Here is the change i made from the ImportCommand class :

private function populateIndex(InputInterface $input, OutputInterface $output, string $index)
   {
       /*...*/

       for ($i = $firstPage; $i <= $lastPage; ++$i) {
           $q = $this->em->createQuery('select e from '.$class.' e')
               ->setFirstResult(($i - 1) * $maxPerPage)
               ->setMaxResults($maxPerPage)
           ;

           if ($io->isDebug()) {
               $io->text('<info>Running request : </info>'.$q->getSQL());
           }

           $entities = $q->toIterable();

           $data = [];
           foreach ($entities as $entity) {
               $data[] = $this->transformer->convert($entity);
           }

           $io->text('Import <info>['.$collectionName.'] '.$class.'</info> Page '.$i.' of '.$lastPage.' ('.count($data).' items)');

           $result = $this->documentManager->import($collectionName, $data, $action);


           if ($this->printErrors($io, $result)) {
               $this->isError = true;

               throw new \Exception('Error happened during the import of the collection : '.$collectionName.' (you can see them with the option -v)');
           }

           $populated += count($data);
           $this->em->clear(); //clear every iterations
       }
       $this->em->clear();//clear cache after processing all data

       $io->newLine();
       return $populated;
   }

I've made a fork using this edit, everything seem's ok : I didn't noticed big performance issues.

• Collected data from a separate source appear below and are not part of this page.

lemma perm_prob_filter:
  assumes E: "finite E" and S: "S \<subseteq> E"
  shows "perm_prob E (\<lambda>xs. P (filter (\<lambda>x. x \<in> S) xs)) = perm_prob S P"
proof -
  obtain s where s: "s \<in> permutations_of_set S"
    using E S finite_subset permutations_of_set_empty_iff by blast
  let ?c = "card {xs \<in> permutations_of_set E. filter (\<lambda>x. x \<in> S) xs = s}"
  have "permutations_of_set E
      = {xs \<in> permutations_of_set E. filter (\<lambda>x. x \<in> S) xs \<in> permutations_of_set S}"
    using S by (auto simp: permutations_of_set_def)
  then have all: "card (permutations_of_set E) = card (permutations_of_set S) * ?c"
    using card_filter_preimage[OF E S order_refl s] by simp
  have "card {xs \<in> permutations_of_set E. P (filter (\<lambda>x. x \<in> S) xs)}
      = card {xs \<in> permutations_of_set E. filter (\<lambda>x. x \<in> S) xs \<in> {\<sigma> \<in> permutations_of_set S. P \<sigma>}}"
    using S by (intro arg_cong[where f = card]) (auto simp: permutations_of_set_def)
  also have "\<dots> = card {\<sigma> \<in> permutations_of_set S. P \<sigma>} * ?c"
    by (rule card_filter_preimage[OF E S _ s]) auto
  finally have card_P: "card {xs \<in> permutations_of_set E. P (filter (\<lambda>x. x \<in> S) xs)}
      = card {\<sigma> \<in> permutations_of_set S. P \<sigma>} * ?c" .
  have "card (permutations_of_set E) \<noteq> 0" using E by simp
  then have "?c \<noteq> 0" unfolding all by (metis mult_0_right)
  then show ?thesis unfolding perm_prob_def all card_P of_nat_mult
    by (intro mult_divide_mult_cancel_right) simp
qed

theorem mainTheorem5:
  fixes E S T :: "'a set" and indep :: "'a set \<Rightarrow> bool"
  assumes "matroid E indep" and "\<not> indep E"
    and "S \<subseteq> E" and "\<not> indep S" and "T \<subseteq> S"
  shows "circ_mass E indep S - circ_mass E indep (S - T)
           = perm_prob E (\<lambda>\<pi>. first_circuit E indep \<pi> \<subseteq> S \<and> first_circuit E indep \<pi> \<inter> T \<noteq> {})
       \<and> perm_prob E (\<lambda>\<pi>. first_circuit E indep \<pi> \<subseteq> S \<and> first_circuit E indep \<pi> \<inter> T \<noteq> {})
           \<le> hit_prob S (restr indep S) T"
proof
  let ?C = "first_circuit E indep"
  have "circ_mass E indep S - circ_mass E indep (S - T)
      = perm_prob E (\<lambda>\<pi>. ?C \<pi> \<subseteq> S \<and> \<not> ?C \<pi> \<subseteq> S - T)"
    unfolding circ_mass_def by (rule perm_prob_diff) blast
  also have "\<dots> = perm_prob E (\<lambda>\<pi>. ?C \<pi> \<subseteq> S \<and> ?C \<pi> \<inter> T \<noteq> {})"
    by (intro arg_cong[where f = "perm_prob E"] ext) blast
  finally show "circ_mass E indep S - circ_mass E indep (S - T)
      = perm_prob E (\<lambda>\<pi>. ?C \<pi> \<subseteq> S \<and> ?C \<pi> \<inter> T \<noteq> {})" .
  have "perm_prob E (\<lambda>\<pi>. ?C \<pi> \<subseteq> S \<and> ?C \<pi> \<inter> T \<noteq> {})
      \<le> perm_prob E (\<lambda>\<pi>. first_circuit S (restr indep S) (filter (\<lambda>x. x \<in> S) \<pi>) \<inter> T \<noteq> {})"
    using first_circuit_filter[OF assms(1,2) _ assms(3)]
    by (intro perm_prob_mono) (auto simp: permutations_of_set_def)
  also have "\<dots> = hit_prob S (restr indep S) T"
    unfolding hit_prob_def using perm_prob_filter[OF matroid_finite[OF assms(1)] assms(3)] .
  finally show "perm_prob E (\<lambda>\<pi>. ?C \<pi> \<subseteq> S \<and> ?C \<pi> \<inter> T \<noteq> {}) \<le> hit_prob S (restr indep S) T" .
qed

end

Hope it could help, Have good day.

Originally posted by @N2oo in https://github.com/acseo/TypesenseBundle/issues/74#issuecomment-1479544670

N2oo avatar Dec 12 '23 20:12 N2oo

Only crashing with my suggestion in prod env.

Looking forward for solution.

N2oo avatar Dec 12 '23 20:12 N2oo

Hello @N2oo

Can you try with https://github.com/kiora-tech/TypesenseBundle? I add this optimisation https://github.com/acseo/TypesenseBundle/pull/96

james2001 avatar Dec 13 '23 14:12 james2001